### Your instructions
What lines of the listing include the string "product"? Show them all.

### Exercise input
────────────────────

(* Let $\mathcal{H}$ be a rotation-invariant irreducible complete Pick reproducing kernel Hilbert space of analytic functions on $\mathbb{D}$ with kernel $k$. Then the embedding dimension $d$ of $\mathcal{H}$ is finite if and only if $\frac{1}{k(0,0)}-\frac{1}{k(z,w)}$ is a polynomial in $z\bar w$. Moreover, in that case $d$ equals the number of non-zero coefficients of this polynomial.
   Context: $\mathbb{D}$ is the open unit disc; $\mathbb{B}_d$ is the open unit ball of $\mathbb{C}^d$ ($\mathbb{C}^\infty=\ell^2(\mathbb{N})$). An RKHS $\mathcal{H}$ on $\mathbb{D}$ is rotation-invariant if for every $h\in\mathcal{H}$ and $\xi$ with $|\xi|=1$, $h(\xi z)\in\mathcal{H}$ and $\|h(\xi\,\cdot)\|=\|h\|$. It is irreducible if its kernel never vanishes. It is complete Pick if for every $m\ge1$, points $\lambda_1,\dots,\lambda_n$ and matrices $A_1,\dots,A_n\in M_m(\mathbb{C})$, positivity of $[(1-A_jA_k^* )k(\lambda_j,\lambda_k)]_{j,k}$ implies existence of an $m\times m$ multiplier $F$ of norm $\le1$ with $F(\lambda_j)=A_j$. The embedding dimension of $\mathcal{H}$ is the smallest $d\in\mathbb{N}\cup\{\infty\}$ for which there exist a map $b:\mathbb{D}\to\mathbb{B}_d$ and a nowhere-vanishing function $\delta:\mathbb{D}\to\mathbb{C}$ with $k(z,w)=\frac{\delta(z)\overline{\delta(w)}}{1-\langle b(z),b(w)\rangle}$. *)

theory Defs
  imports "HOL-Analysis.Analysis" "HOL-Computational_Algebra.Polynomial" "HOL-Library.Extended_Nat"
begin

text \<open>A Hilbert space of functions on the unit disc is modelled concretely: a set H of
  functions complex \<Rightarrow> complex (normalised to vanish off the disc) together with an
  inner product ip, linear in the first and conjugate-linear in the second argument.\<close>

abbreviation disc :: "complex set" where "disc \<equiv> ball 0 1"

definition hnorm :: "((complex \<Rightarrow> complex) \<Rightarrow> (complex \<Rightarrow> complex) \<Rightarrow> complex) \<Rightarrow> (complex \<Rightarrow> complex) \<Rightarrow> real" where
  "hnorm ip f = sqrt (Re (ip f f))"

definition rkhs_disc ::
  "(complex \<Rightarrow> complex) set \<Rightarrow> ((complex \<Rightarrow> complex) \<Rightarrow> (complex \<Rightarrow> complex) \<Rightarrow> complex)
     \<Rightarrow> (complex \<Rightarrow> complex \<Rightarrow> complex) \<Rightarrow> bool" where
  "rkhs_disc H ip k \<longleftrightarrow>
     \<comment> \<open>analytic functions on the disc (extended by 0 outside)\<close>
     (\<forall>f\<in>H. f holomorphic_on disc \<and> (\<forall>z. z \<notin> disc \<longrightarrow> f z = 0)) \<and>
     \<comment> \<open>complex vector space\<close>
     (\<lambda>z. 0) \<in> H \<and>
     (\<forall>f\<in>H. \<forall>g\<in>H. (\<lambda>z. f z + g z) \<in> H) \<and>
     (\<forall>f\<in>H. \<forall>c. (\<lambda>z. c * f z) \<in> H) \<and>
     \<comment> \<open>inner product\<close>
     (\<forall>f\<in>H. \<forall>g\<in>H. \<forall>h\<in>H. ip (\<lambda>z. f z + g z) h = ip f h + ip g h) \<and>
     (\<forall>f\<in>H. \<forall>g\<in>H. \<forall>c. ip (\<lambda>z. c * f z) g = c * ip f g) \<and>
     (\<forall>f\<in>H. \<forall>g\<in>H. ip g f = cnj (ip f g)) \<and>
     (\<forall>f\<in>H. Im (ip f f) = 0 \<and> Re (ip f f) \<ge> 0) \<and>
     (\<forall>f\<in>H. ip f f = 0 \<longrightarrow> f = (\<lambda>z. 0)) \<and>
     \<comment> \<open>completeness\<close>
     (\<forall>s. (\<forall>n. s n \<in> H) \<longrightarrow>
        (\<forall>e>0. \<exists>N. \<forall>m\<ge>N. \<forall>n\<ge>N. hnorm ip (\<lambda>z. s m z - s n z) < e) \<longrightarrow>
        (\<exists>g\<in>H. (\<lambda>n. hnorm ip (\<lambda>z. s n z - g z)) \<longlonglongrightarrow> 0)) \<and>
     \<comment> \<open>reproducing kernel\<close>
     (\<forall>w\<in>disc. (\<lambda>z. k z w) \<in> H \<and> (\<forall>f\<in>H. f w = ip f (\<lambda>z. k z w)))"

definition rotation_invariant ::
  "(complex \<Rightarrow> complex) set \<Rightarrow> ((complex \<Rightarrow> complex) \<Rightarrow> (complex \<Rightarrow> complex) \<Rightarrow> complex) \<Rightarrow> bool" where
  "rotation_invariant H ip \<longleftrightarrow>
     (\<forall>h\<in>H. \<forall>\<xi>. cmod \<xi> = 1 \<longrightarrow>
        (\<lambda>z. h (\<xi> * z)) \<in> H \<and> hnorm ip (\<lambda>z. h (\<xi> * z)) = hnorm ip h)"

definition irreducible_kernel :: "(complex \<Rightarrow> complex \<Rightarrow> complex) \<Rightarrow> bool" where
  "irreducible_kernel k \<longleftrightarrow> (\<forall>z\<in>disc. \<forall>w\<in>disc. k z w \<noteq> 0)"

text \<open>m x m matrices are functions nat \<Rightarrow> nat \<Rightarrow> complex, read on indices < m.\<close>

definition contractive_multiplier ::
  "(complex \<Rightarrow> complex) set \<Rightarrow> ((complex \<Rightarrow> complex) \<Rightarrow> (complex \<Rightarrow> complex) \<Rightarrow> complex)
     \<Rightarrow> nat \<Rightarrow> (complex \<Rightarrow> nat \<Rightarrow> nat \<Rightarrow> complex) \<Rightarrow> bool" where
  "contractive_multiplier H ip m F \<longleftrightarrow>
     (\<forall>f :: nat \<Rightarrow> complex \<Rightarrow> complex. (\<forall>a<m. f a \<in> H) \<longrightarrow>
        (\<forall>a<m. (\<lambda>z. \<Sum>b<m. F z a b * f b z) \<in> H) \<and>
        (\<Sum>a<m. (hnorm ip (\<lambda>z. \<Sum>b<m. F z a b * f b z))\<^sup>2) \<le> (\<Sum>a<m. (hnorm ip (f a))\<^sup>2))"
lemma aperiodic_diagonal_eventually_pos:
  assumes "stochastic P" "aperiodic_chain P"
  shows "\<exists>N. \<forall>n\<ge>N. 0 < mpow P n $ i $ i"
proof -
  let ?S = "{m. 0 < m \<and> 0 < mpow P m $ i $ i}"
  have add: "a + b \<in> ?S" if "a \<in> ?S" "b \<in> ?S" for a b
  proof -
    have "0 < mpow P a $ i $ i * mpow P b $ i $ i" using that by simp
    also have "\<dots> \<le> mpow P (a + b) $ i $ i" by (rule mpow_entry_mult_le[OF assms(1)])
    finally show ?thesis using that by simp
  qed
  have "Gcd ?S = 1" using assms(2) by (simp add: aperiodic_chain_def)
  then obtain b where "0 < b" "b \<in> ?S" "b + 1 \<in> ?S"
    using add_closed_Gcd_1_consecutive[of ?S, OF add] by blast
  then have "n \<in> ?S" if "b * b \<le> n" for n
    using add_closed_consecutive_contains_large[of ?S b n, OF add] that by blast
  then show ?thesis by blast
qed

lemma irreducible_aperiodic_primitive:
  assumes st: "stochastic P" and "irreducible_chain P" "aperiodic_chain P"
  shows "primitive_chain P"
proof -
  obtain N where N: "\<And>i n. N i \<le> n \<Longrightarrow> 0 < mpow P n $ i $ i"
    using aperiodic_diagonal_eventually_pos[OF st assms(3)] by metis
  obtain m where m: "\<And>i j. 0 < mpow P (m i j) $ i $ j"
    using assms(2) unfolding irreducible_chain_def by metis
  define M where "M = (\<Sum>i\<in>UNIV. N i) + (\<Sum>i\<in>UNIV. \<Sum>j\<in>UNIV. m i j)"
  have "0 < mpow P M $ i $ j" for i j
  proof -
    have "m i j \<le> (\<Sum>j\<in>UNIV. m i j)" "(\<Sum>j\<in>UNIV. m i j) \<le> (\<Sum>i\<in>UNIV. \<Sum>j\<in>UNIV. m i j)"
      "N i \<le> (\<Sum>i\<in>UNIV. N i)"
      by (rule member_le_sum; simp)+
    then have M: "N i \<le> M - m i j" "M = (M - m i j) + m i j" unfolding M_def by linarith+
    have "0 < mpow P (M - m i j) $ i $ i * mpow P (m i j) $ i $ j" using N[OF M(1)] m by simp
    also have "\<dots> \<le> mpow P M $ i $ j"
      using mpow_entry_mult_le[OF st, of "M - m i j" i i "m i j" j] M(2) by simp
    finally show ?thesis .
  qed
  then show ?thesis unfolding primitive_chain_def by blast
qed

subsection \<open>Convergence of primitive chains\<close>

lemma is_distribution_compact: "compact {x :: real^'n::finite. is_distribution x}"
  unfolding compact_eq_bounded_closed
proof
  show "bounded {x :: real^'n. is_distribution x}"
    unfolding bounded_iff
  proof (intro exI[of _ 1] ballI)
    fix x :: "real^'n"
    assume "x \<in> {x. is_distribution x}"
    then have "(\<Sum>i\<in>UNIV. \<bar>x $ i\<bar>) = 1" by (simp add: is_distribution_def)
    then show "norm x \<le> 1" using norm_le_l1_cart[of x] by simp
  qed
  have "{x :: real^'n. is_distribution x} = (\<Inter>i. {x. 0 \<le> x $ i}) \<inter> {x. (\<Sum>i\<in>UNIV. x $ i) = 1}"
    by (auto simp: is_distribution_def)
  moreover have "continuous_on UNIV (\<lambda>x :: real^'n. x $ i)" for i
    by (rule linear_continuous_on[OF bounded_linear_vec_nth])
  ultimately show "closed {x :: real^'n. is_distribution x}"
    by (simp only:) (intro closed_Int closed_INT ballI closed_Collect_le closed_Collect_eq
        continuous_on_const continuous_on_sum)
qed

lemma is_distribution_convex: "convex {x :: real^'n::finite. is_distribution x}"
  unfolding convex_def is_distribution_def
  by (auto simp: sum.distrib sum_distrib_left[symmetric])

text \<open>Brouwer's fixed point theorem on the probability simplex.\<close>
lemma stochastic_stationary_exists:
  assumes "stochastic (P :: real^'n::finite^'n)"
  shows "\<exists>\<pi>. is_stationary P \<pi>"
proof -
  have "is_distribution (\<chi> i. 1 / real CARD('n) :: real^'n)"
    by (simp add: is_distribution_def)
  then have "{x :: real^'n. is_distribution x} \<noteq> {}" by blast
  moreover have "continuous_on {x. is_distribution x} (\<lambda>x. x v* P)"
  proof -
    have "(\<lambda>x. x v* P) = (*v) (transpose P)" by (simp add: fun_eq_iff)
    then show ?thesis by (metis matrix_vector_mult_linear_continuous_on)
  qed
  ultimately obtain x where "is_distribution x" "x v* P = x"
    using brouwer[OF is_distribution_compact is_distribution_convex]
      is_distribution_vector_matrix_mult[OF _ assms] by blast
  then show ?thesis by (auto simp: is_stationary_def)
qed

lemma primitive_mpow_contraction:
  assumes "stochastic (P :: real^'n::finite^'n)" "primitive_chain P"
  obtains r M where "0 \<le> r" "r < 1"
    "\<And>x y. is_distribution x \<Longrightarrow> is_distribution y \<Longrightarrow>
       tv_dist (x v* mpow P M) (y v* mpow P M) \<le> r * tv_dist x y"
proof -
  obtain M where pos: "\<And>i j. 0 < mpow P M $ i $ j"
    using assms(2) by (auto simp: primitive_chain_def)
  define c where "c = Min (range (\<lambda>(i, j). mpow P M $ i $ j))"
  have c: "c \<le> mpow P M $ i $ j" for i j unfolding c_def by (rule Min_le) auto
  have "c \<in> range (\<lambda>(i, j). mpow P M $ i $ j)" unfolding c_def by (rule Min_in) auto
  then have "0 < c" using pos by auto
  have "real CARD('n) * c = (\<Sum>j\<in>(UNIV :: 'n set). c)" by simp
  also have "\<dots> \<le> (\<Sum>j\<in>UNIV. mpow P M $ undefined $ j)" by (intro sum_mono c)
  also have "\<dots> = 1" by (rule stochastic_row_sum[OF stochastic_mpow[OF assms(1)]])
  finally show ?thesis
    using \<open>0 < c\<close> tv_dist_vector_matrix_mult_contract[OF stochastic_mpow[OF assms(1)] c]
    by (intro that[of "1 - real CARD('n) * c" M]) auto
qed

────────────────────

### Answer space
  inner product ip, linear in the first and conjugate-linear in the second argument.\<close>
     \<comment> \<open>inner product\<close>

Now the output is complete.